++++ The records ++++

lemma differentiable_if_inner_and_norm_differentiable:
  fixes f :: "real \<Rightarrow> 'a::euclidean_space"
  assumes inner: "\<And>w. w \<in> S \<Longrightarrow> (\<lambda>s. f s \<bullet> w) differentiable (at t)"
    and norm: "(\<lambda>s. (norm (f s))\<^sup>2) differentiable (at t)"
    and cont: "isCont f t"
    and span: "span (insert (f t) S) = UNIV"
  shows "f differentiable (at t)"
proof (cases "f t \<in> span S")
  case True
  then have "span S = UNIV"
    using span by (simp add: span_redundant)
  then show ?thesis
    by (rule differentiable_spanning_componentwise[OF _ inner])
next
  case False
  obtain B v where B: "B \<subseteq> span S" "finite B" "v \<notin> B"
    and E: "pairwise orthogonal (insert v B)" "\<And>e. e \<in> insert v B \<Longrightarrow> norm e = 1"
      "span (insert v B) = UNIV"
    and "f t \<bullet> v \<noteq> 0"
    using orthonormal_basis_insert_normal[OF span False] by blast
  have B_inner: "(\<lambda>s. f s \<bullet> b) differentiable (at t)" if "b \<in> B" for b
    using differentiable_inner_span[OF inner] B(1) that by blast
  define h where "h s = f s \<bullet> v" for s
  have "(h s)\<^sup>2 = (norm (f s))\<^sup>2 - (\<Sum>b\<in>B. (f s \<bullet> b)\<^sup>2)" for s
    using power2_norm_eq_sum_inner_orthonormal[OF E(1,2), of "f s"] E(3) B(2,3)
    by (simp add: h_def)
  then have "(\<lambda>s. (h s)\<^sup>2) differentiable (at t)"
    using norm B_inner B(2) by simp
  moreover have "isCont h t"
    unfolding h_def using cont by (intro continuous_intros)
  moreover have "h t \<noteq> 0"
    using \<open>f t \<bullet> v \<noteq> 0\<close> by (simp add: h_def)
  ultimately have "h differentiable (at t)"
    by (rule differentiable_if_power2_differentiable)
  show ?thesis
  proof (rule differentiable_spanning_componentwise[OF E(3)])
    fix w assume "w \<in> insert v B"
    then show "(\<lambda>s. f s \<bullet> w) differentiable (at t)"
      using B_inner \<open>h differentiable (at t)\<close> by (auto simp: h_def[abs_def])
  qed
qed

lemma differentiable_if_metric_coordinates_differentiable:
  fixes C U :: "'a::euclidean_space set" and \<phi> :: "real \<Rightarrow> 'a"
  assumes "open U" "metric_coordinatizing C U" "\<phi> t \<in> U" "isCont \<phi> t"
    and dist: "\<And>c. c \<in> C \<Longrightarrow> (\<lambda>s. dist (\<phi> s) c) differentiable (at t)"
  shows "\<phi> differentiable (at t)"
proof -
  have span: "span ((\<lambda>c. c - \<phi> t) ` C) = UNIV"
    using metric_coordinatizing_span_UNIV assms(1-3) by blast
  then obtain c0 where "c0 \<in> C"
    using span_empty by (metis UNIV_not_singleton image_empty equals0I)
  define f where "f s = \<phi> s - c0" for s
  have "(\<lambda>s. f s \<bullet> w) differentiable (at t)" if w: "w \<in> (\<lambda>c. c - c0) ` C" for w
  proof -
    obtain c where "c \<in> C" "w = c - c0"
      using w by blast
    then show ?thesis
      unfolding f_def using differentiable_inner_diff_of_dist[OF dist dist[OF \<open>c0 \<in> C\<close>]] by simp
  qed
  moreover have "(\<lambda>s. (norm (f s))\<^sup>2) differentiable (at t)"
    using dist[OF \<open>c0 \<in> C\<close>] by (simp add: f_def dist_norm)
  moreover have "isCont f t"
    unfolding f_def using assms(4) by (intro continuous_intros)
  moreover have "span (insert (f t) ((\<lambda>c. c - c0) ` C)) = UNIV"
  proof -
    let ?E = "insert (f t) ((\<lambda>c. c - c0) ` C)"
    have "c - \<phi> t \<in> span ?E" if "c \<in> C" for c
    proof -
      have "(c - c0) - f t \<in> span ?E"
        using that by (intro span_diff span_base) auto
      then show ?thesis
        by (simp add: f_def)
    qed
    then have "span ((\<lambda>c. c - \<phi> t) ` C) \<subseteq> span ?E"
      by (intro span_minimal subspace_span) auto
    then show ?thesis
      using span by auto
  qed
  ultimately have "f differentiable (at t)"
    by (rule differentiable_if_inner_and_norm_differentiable)
  then have "(\<lambda>s. f s + c0) differentiable (at t)"
    by simp
  then show ?thesis
    by (simp add: f_def)
qed

lemma differentiable_dist:
  fixes \<phi> :: "'a::real_normed_vector \<Rightarrow> 'b::real_inner"
  assumes "\<phi> differentiable (at t)" "\<phi> t \<noteq> c"
  shows "(\<lambda>s. dist (\<phi> s) c) differentiable (at t)"
proof -
  have "norm differentiable (at (\<phi> t - c))"
    using assms(2) by (intro differentiable_norm_at) auto
  moreover have "(\<lambda>s. \<phi> s - c) differentiable (at t)"
    using assms(1) by (intro differentiable_diff differentiable_const)
  ultimately show ?thesis
    unfolding dist_norm by (rule differentiable_compose)
qed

++++

- _What is required_
Find and copy each line of the listing above that holds the word "subseteq".

- _Answer to this problem_
  obtain B v where B: "B \<subseteq> span S" "finite B" "v \<notin> B"
    then have "span ((\<lambda>c. c - \<phi> t) ` C) \<subseteq> span ?E"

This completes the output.